For the average person, the purchase of a home or automobile is usually made using a small amount of personal funds and a much larger percentage of money that's borrowed from another source. Most investment securities can be bought in exactly the same manner. When an investor decides to buy securities on margin a special account, known as a margin account, must be opened with a stock brokerage firm. The investor supplies a down payment and the firm lends the remaining balance for the transaction and actually purchases the securities for the investor. Up to 50% of the purchase price of securities bought in this manner can be borrowed funds. The investor can therefore buy up to twice as much market value of stock on margin as is possible using his or her own cash (for those securities which can be bought on margin; not all can). This use of borrowed funds to increase the percentage of profit is known as leverage.

This leveraged position creates for the investor an opportunity to make more money for a given sum of investment dollars. At the same time, however, it creates the opportunity for losses which are not limited to the initial investment. These losses can occur very quickly and be quite extreme. Another consideration in margin trading is that interest is charged by the broker on the borrowed funds (known as the debit balance), which can be substantially more than the dividends and interest being earned by the purchased securities.

Margin trading is a relatively sophisticated market technique and must be approached with great care. Due to the leveraged position, although greater gains can be achieved than will full cash transactions, the investor is exposed to the risk of deep losses. If the market value of the margined securities drops significantly, the brokerage firm will issue a maintenance- or margin call, which is a demand that the investor deposit more collateral money into the margin account. If the investor cannot or chooses not to deposit more funds, the broker will sell some or all of the securities to bring the account back to a properly margined condition. Normally these forced sales are executed in rapidly falling markets, which actually serves to "lock in" the investor's losses.

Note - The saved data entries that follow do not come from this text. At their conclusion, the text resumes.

lemma tv_dist_exp_std_normal_shift:
  "tv_dist (distr std_normal_distribution borel (\<lambda>x. c * (exp (2 * x) + s)))
           (distr std_normal_distribution borel (\<lambda>x. c * exp (2 * x)))
   \<le> 3 * exp 2 * \<bar>s\<bar>"
proof -
  let ?L = "density lborel lognormal_density"
  have "distr std_normal_distribution borel (\<lambda>x. c * (exp (2 * x) + s))
      = distr (distr ?L borel (\<lambda>y. y + s)) borel (\<lambda>y. c * y)"
    unfolding distr_std_normal_exp_double[symmetric] by (simp add: distr_distr comp_def)
  moreover have "distr std_normal_distribution borel (\<lambda>x. c * exp (2 * x)) = distr ?L borel (\<lambda>y. c * y)"
    unfolding distr_std_normal_exp_double[symmetric] by (simp add: distr_distr comp_def)
  moreover have "tv_dist (distr (distr ?L borel (\<lambda>y. y + s)) borel (\<lambda>y. c * y)) (distr ?L borel (\<lambda>y. c * y))
      \<le> tv_dist (distr ?L borel (\<lambda>y. y + s)) ?L"
    by (intro tv_dist_distr_le real_distribution_distr_borel real_distribution_lognormal) auto
  moreover have "tv_dist (distr ?L borel (\<lambda>y. y + s)) ?L \<le> 3 * exp 2 * \<bar>s\<bar>"
    by (rule tv_dist_shift_unimodal_density[OF integrable_lognormal_density lognormal_density_nonneg
        lognormal_density_le mono_on_lognormal_density antimono_on_lognormal_density])
  ultimately show ?thesis
    by simp
qed

lemma tv_dist_exp_std_normal_scale:
  assumes "0 < c"
  shows "tv_dist (distr std_normal_distribution borel (\<lambda>x. c * exp (2 * x)))
                 (distr std_normal_distribution borel (\<lambda>x. exp (2 * x)))
         \<le> 3 / 2 * \<bar>ln c\<bar>"
proof -
  let ?N = std_normal_distribution
  have "exp (2 * (x + ln c / 2)) = c * exp (2 * x)" for x
    using assms by (simp add: distrib_left exp_add)
  then have "distr ?N borel (\<lambda>x. c * exp (2 * x))
      = distr (distr ?N borel (\<lambda>x. x + ln c / 2)) borel (\<lambda>x. exp (2 * x))"
    by (simp add: distr_distr comp_def)
  moreover have "tv_dist (distr (distr ?N borel (\<lambda>x. x + ln c / 2)) borel (\<lambda>x. exp (2 * x)))
        (distr ?N borel (\<lambda>x. exp (2 * x)))
      \<le> tv_dist (distr ?N borel (\<lambda>x. x + ln c / 2)) ?N"
    by (intro tv_dist_distr_le real_distribution_distr_borel real_dist_normal_dist) auto
  moreover have "tv_dist (distr ?N borel (\<lambda>x. x + ln c / 2)) ?N \<le> 3 * 1 * \<bar>ln c / 2\<bar>"
    by (rule tv_dist_shift_unimodal_density[OF integrable_normal_density normal_density_nonneg
        std_normal_density_le_1 mono_on_std_normal_density antimono_on_std_normal_density]) simp
  ultimately show ?thesis
    by simp
qed

lemma abs_ln_one_minus_le:
  fixes t :: real
  assumes "0 \<le> t" "t \<le> 1 / 2"
  shows "\<bar>ln (1 - t)\<bar> \<le> 2 * t"
proof -
  have "- t - 2 * t\<^sup>2 \<le> ln (1 - t)"
    using assms by (rule ln_one_minus_pos_lower_bound)
  moreover have "ln (1 - t) \<le> 0"
    using assms by simp
  moreover have "t * t \<le> t * (1 / 2)"
    using assms by (intro mult_left_mono) auto
  ultimately show ?thesis
    by (simp add: power2_eq_square)
qed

Securities purchased on margin are not forwarded to the investor. They remain with the brokerage firm as collateral for the debit balance. Such securities are said to be in street name; they're held by the broker in the broker's name (the registered owner), but the investor is the true or beneficial owner. The brokerage firm sends the investor a monthly statement of the account showing the securities and cash that are being held for the investor (this is done for cash accounts, as well). The account will refer to the investor's position as "long" or "short": "long is a positive position in which the investor owns a particular stock; "short" refers to the position of owing stock which was borrowed to complete a sale. Trades are posted to the account on the settlement date (the date that the purchased securities must be paid for), which is generally three business days after the actual trade date. For options and government securities, the settlement date is normally the next business day.